Выбрать главу

— Готов. С полоборота завелся... Поменяйся-ка ты, другарь, характерами с мотором нашего баркаса, — посоветовал он Витюне.

Осеев достал сигареты, закурил и протянул пачку Витюне.

— На, подкопти нервы, чтобы не испортились.

Витюня быстро заводился и еще быстрей стухал. Так что мотор для баркаса из его характера все равно был бы ни к черту.

— По крайней мере, баркас далеко не убежит, если с него вдруг свалится какой-то раззява.

Это проговорил Зотыч. Проговорил отвлеченно, между прочим, словно о чем-то не имеющем к ним никакого отношения. Зотыч сидел на своем любимом месте, в уголке за эхолотом. На голове у него был все тот же брыль с обломанными полями.

Витюня пригладил свою нескладную паклю на голове, делая вид, что не расслышал слов Зотыча. Но хватило его на эту выдержку ненадолго: какой же он будет Витюня, если не даст отповеди. И он беспокойно заерзал своим сухопарым задом по сиденью.

— Слышь, кэп, люди масалят, что у нас в бригаде чуть ли не рыбацкий пророк обитает, — произнес он тоже как будто бы между прочим. — Почему же тогда в замете стоят другие?

Это камушки в адрес Зотыча. В отместку за «раззяву». Но попадали они больше в Осеева, чем в Зотыча. Кэпбригом-то был Осеев, а не Зотыч.

Осеев подозрительно скосил глаза в сторону Витюни, но сдержался:

— Ничего, Витюня. Еще не вечер...

— Какой хрен «не вечер»! — перебил Осеева поммех. — Скоро и моря-то не видно будет... Ты что, кэп, всю ночь гонять думаешь?

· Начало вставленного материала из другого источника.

lemma coset_states_translate:
  assumes f: "f \<in> coset_states C S" and t: "t \<in> S" and y: "y \<in> carrier_vec n"
  shows "f (y + t) = f y"
proof (cases "y \<in> C")
  case False
  have "y + t - t = y"
    using y t vec_subspace_carrier[OF S] add_minus_cancel_vec by blast
  then have "y + t \<notin> C"
    using False vec_subspace_diff[OF C _ subsetD[OF S_sub_C t]] by metis
  then show ?thesis
    using False f by (simp add: coset_states_def)
qed (use f t in \<open>simp add: coset_states_def\<close>)

lemma indicator_vcoset_eq:
  "x \<in> C \<Longrightarrow> y \<in> C \<Longrightarrow> indicator (vcoset S x) y = (if vcoset S y = vcoset S x then 1 else 0)"
  by (simp add: mem_vcoset_iff indicator_def)

lemma indicator_vcoset_mem:
  assumes x: "x \<in> C"
  shows "indicator (vcoset S x) \<in> coset_states C S"
  unfolding coset_states_def
proof (intro CollectI conjI allI impI ballI)
  show "indicator (vcoset S x) y = 0" if "y \<notin> C" for y
    using that vcoset_subset[OF x] by (auto simp: indicator_def)
  fix y t assume y: "y \<in> C" and t: "t \<in> S"
  have "y + t \<in> C"
    using vec_subspace_add[OF C y] t S_sub_C by blast
  then have "y + t \<in> vcoset S x \<longleftrightarrow> y \<in> vcoset S x"
    using mem_vcoset_iff[OF x] vcoset_add[OF y t] y by simp
  then show "indicator (vcoset S x) (y + t) = indicator (vcoset S x) y"
    by (simp add: indicator_def)
qed

lemma coset_states_eq_sum:
  assumes f: "f \<in> coset_states C S"
  shows "f = (\<Sum>T\<in>vcoset S ` C. qscale (f (SOME x. x \<in> T)) (indicator T))"
proof
  fix y
  show "f y = (\<Sum>T\<in>vcoset S ` C. qscale (f (SOME x. x \<in> T)) (indicator T)) y"
  proof (cases "y \<in> C")
    case True
    have "(\<Sum>T\<in>vcoset S ` C. qscale (f (SOME x. x \<in> T)) (indicator T)) y
        = (\<Sum>T\<in>vcoset S ` C. if T = vcoset S y then f (SOME x. x \<in> T) else 0)"
      using True by (auto simp: sum_fun_apply qscale_def indicator_vcoset_eq intro!: sum.cong)
    also have "\<dots> = f (SOME x. x \<in> vcoset S y)"
      using True vec_subspace_finite[OF C] by (simp add: sum.delta')
    also have "\<dots> = f y"
      using f True mem_vcoset_self[OF True] by (auto simp: coset_states_def vcoset_def intro: someI2)
    finally show ?thesis
      by simp
  next
    case False
    then have "indicator T y = (0 :: complex)" if "T \<in> vcoset S ` C" for T
      using that vcoset_subset by (auto simp: indicator_def)
    then show ?thesis
      using f False by (simp add: sum_fun_apply qscale_def coset_states_def)
  qed
qed
theory Submission
  imports Defs "HOL-Library.FuncSet"
begin

text \<open>Fix a split partition \<open>(C, I)\<close> with \<open>|C|\<close> maximal. An exchange argument shows that the
  questioning set \<open>Q\<close> either lies in \<open>C\<close>, and is then a clique, or is independent; for
  \<open>|Q| \<ge> 2\<close> the two cases exclude each other. Complementation swaps the two sides of every
  split partition, so it preserves \<open>Q\<close> and matches the two cases bijectively, which gives
  the factor 2. In the clique case the graph is determined by \<open>Q\<close>, by \<open>K = C - Q\<close> and by
  a nonempty neighbourhood in \<open>I = [n] - Q - K\<close> for each vertex of \<open>K\<close>, while vertices of
  \<open>Q\<close> have no neighbour in \<open>I\<close>; conversely every such choice yields a split graph with
  questioning set \<open>Q\<close>. With \<open>|Q| = q\<close> and \<open>|K| = c\<close> there are
  \<open>(n choose q) * ((n - q) choose c) * (2 ^ (n - q - c) - 1) ^ c\<close> such choices.\<close>

lemma doubleton_in_all_edges_iff:
  "{u, v} \<in> all_edges n \<longleftrightarrow> u \<noteq> v \<and> u \<in> {1..n} \<and> v \<in> {1..n}"
  unfolding all_edges_def by (auto simp: doubleton_eq_iff)

lemma singleton_notin_all_edges: "{u} \<notin> all_edges n"
  unfolding all_edges_def by (auto simp: doubleton_eq_iff)

lemma finite_all_edges: "finite (all_edges n)"
  by (rule finite_subset[of _ "Pow {1..n}"]) (auto simp: all_edges_def)

lemma card_ge_2_obtains:
  assumes "2 \<le> card A"
  obtains a b where "a \<in> A" "b \<in> A" "a \<noteq> b"
  using assms card_le_Suc0_iff_eq[of A] by (metis card.infinite not_less_eq_eq numeral_2_eq_2 zero_le)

На скулах кэпбрига взыграли желваки. Черные глаза обожгли Витюню презрением.

— Заработался, бедняга... Ничего с тобой не случится, если и не поспишь ночь-другую...

3

Рыба открылась почти сразу же, как только на сейнере смайнали флаг и зажгли ходовые огни.

— Ну шо, Витюня, выспався? — подначивал Леха помощника механика, изо всех сил налегая на канат и растягивая рот в улыбке. Его маленькие, оживленно блестящие глазки косились в сторону Погожева, как бы призывая его в сообщники.

— Это точно, Леха, — поддержал Погожев кока. — Веселая ночка предстоит нам сегодня.

Они втроем тянули стяжной канат. Витюня — впереди, на самом ответственном участке. Еще выберут метр-два — и поммех переведет канат на катушку лебедки: дальше от их усилий толку уже мало.

— А я что вам всегда говорил! — кричал Витюня, не оборачиваясь в сторону товарищей. — Не кэп у нас, а стопроцентный маг! Кудесник, любимец богов, то есть товарищ Нептуна!

— Ну пишов загибать...

— Кто загибать? Это я-то? — подналегая на канат, в такт своим рывкам, выкрикивал поммех. — Ты что, нашего кэпа берешь под сомнение? Учти, мы критику не зажимаем, но чтоб это было в последний раз. Понял, салага?

Леха понимал, что Витюня шутит, и широко улыбался. Хорошо, когда все ладится, когда обметан неводом добротный косяк скумбрии, когда и «гроши будут хороши». Леха в работе не филонил. Он готов был «выложить» всего себя, когда чувствовал, что это пахнет деньгами. Лехе льстило, что он получает на четверть пая больше, чем обычный рыбак. Рыбацкая «четвертушка», да еще на скумбрийной путине, может в целую тысячу рублей вылиться.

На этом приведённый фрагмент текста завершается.